Mientras tanto siguió aumentando la desigualdad social, los gobernadores asimilistas emprendieron proyectos desmedidos y alguno firmó una ley para acoger aquí a millonarios americanos (¿no resulta un contrasentido abrirles así la puerta para que se hagan del país mientras miles de nuestros compatriotas tienen que abandonar la Isla?). Lo último, señala Silverio, es el “golpe político” de la Junta.
La exposición de los problemas del país es sencilla y clara. Sus conclusiones son que el coloniaje está detrás de la mayoría de nuestros males, al igual que la “mala e irresponsable administración de la colonia” tanto por ellos como por nosotros; que el bipartidismo “lleva al inversionismo político” y que la corrupción se sigue de todo lo anterior. El punto, para esta reseñadora, es que no se nos ha hablado con la verdad y nosotros no hemos querido encontrarla. Ni Estados Unidos se ha aceptado a sí como un imperio ni nosotros como una colonia. El impasse nos impide avanzar.

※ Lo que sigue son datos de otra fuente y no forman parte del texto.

section \<open>Out-balls of the answer graph\<close>

fun out_ball :: "(nat \<times> nat) set \<Rightarrow> nat \<Rightarrow> nat \<Rightarrow> nat set" where
  "out_ball E 0 v = {v}"
| "out_ball E (Suc j) v = out_ball E j v \<union> E `` out_ball E j v"

lemma out_ball_mono: "j \<le> j' \<Longrightarrow> out_ball E j v \<subseteq> out_ball E j' v"
  by (induction j' rule: dec_induct) auto

lemma center_in_out_ball: "v \<in> out_ball E j v"
  using out_ball_mono[of 0 j E v] by auto

lemma out_ball_Suc_eq: "out_ball E (Suc j) v = insert v (E `` out_ball E j v)"
proof -
  have "out_ball E j v \<subseteq> insert v (E `` out_ball E j v)"
  proof (induction j)
    case (Suc j)
    then show ?case using Image_mono[OF order_refl, of "out_ball E j v" "out_ball E (Suc j) v" E]
      by auto
  qed simp
  then show ?thesis using center_in_out_ball[of v E j] by auto
qed

lemma out_ball_subset: "out_ball E j v \<subseteq> insert v (Range E)"
  by (induction j) auto

lemma finite_out_ball: "finite E \<Longrightarrow> finite (out_ball E j v)"
  using out_ball_subset by (meson finite_Range finite_insert finite_subset)

lemma card_out_ball_le: "finite E \<Longrightarrow> card (out_ball E j v) \<le> card E + 1"
proof -
  assume fin: "finite E"
  have "card (out_ball E j v) \<le> card (insert v (Range E))"
    using fin by (intro card_mono[OF _ out_ball_subset]) (simp add: finite_Range)
  also have "\<dots> \<le> card (Range E) + 1"
    using fin by (simp add: card_insert_if finite_Range)
  also have "card (Range E) \<le> card E"
    using fin by (simp add: Range_snd card_image_le)
  finally show ?thesis by simp
qed

lemma out_ball_sink: "E `` {v} = {} \<Longrightarrow> out_ball E j v = {v}"
  by (induction j) auto

lemma sum_outdeg_le:
  assumes "finite E"
  shows "(\<Sum>a\<in>S. outdeg E a) \<le> card E"
proof (cases "finite S")
  case True
  have "(\<Sum>a\<in>S. outdeg E a) = card (Sigma S (\<lambda>a. E `` {a}))"
    unfolding outdeg_def using assms True by simp
  also have "\<dots> \<le> card E" using assms by (intro card_mono) auto
  finally show ?thesis .
qed simp

lemma finite_high_outdeg:
  assumes "finite E" "l \<ge> 1"
  shows "finite {y. l \<le> outdeg E y}"
proof (rule finite_subset[OF _ finite_Domain[OF assms(1)]])
  show "{y. l \<le> outdeg E y} \<subseteq> Domain E"
  proof
    fix y assume "y \<in> {y. l \<le> outdeg E y}"
    then have "E `` {y} \<noteq> {}" using assms(2) by (auto simp: outdeg_def)
    then show "y \<in> Domain E" by blast
  qed
qed

lemma card_high_outdeg_le:
  assumes "finite E" "l \<ge> 1"
  shows "l * card {y. l \<le> outdeg E y} \<le> card E"
proof -
  let ?H = "{y. l \<le> outdeg E y}"
  have "l * card ?H \<le> (\<Sum>a\<in>?H. outdeg E a)"
    using sum_mono[of ?H "\<lambda>_. l" "outdeg E"] by (simp add: mult.commute)
  also have "\<dots> \<le> card E" by (rule sum_outdeg_le[OF assms(1)])
  finally show ?thesis .
qed
(* For $n\geq 1$, the polynomials $\widehat{A}_n(t,q)$ satisfy $$2\widehat{A}_{n+1}(t,q)=(1+tq)\widehat{A}_n(tq,q)+(1+tq^n)\widehat{A}_n(t,q)+\sum_{i=1}^{n-1}(1+t^2q^{2i+1})\binom{n}{i}\widehat{A}_i(t,q)\widehat{A}_{n-i}(tq^{i+1},q),$$ with $\widehat{A}_1(t,q)=1$.
   Context: For $\pi=\pi_1\cdots\pi_n\in\mathfrak{S}_n$ (permutations of $\{1,\dots,n\}$), $\widehat{D}(\pi)=\{2i:\pi_{2i}<\pi_{2i+1}\}\cup\{2i+1:\pi_{2i+1}>\pi_{2i+2}\}$ (indices in $\{1,\dots,n-1\}$), ${\rm altdes}(\pi)=|\widehat{D}(\pi)|$, ${\rm altmaj}(\pi)=\sum_{i\in\widehat{D}(\pi)}i$, and $\widehat{A}_n(t,q)=\sum_{\pi\in\mathfrak{S}_n}t^{{\rm altdes}(\pi)}q^{{\rm altmaj}(\pi)}$. *)

theory Defs
  imports "HOL-Combinatorics.Multiset_Permutations"
begin

text \<open>A permutation pi = pi_1 ... pi_n of {1..n} is a list xs with xs ! (i-1) = pi_i.\<close>
definition altD :: "nat list \<Rightarrow> nat set" where
  "altD xs = {i \<in> {1..<length xs}.
      (even i \<and> xs ! (i - 1) < xs ! i) \<or> (odd i \<and> xs ! (i - 1) > xs ! i)}"

definition altdes :: "nat list \<Rightarrow> nat" where
  "altdes xs = card (altD xs)"

definition altmaj :: "nat list \<Rightarrow> nat" where
  "altmaj xs = \<Sum> (altD xs)"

Los partidos políticos nos engañan. Somos todavía la “nave al garete” que dijera Pedreira. El PPD nos ha hecho ver un espejismo de autonomía; el PNP nos ha hecho creer que somos asimilables, destruyendo, de paso, los fundamentos de este pueblo en aras de un fin que podría ser otro espejismo. El independentismo, con sus divisiones y su falta de voluntad para explicar las exigencias de la soberanía, complica el camino.
¿Saldremos adelante? ¿Nos reconoceremos como lo que somos? ¿Lucharemos por un futuro viable? Lo que nos ha faltado ha sido valor y voluntad. Quizás este libro nos ayude a ver mejor nuestra situación e intentar remediarla.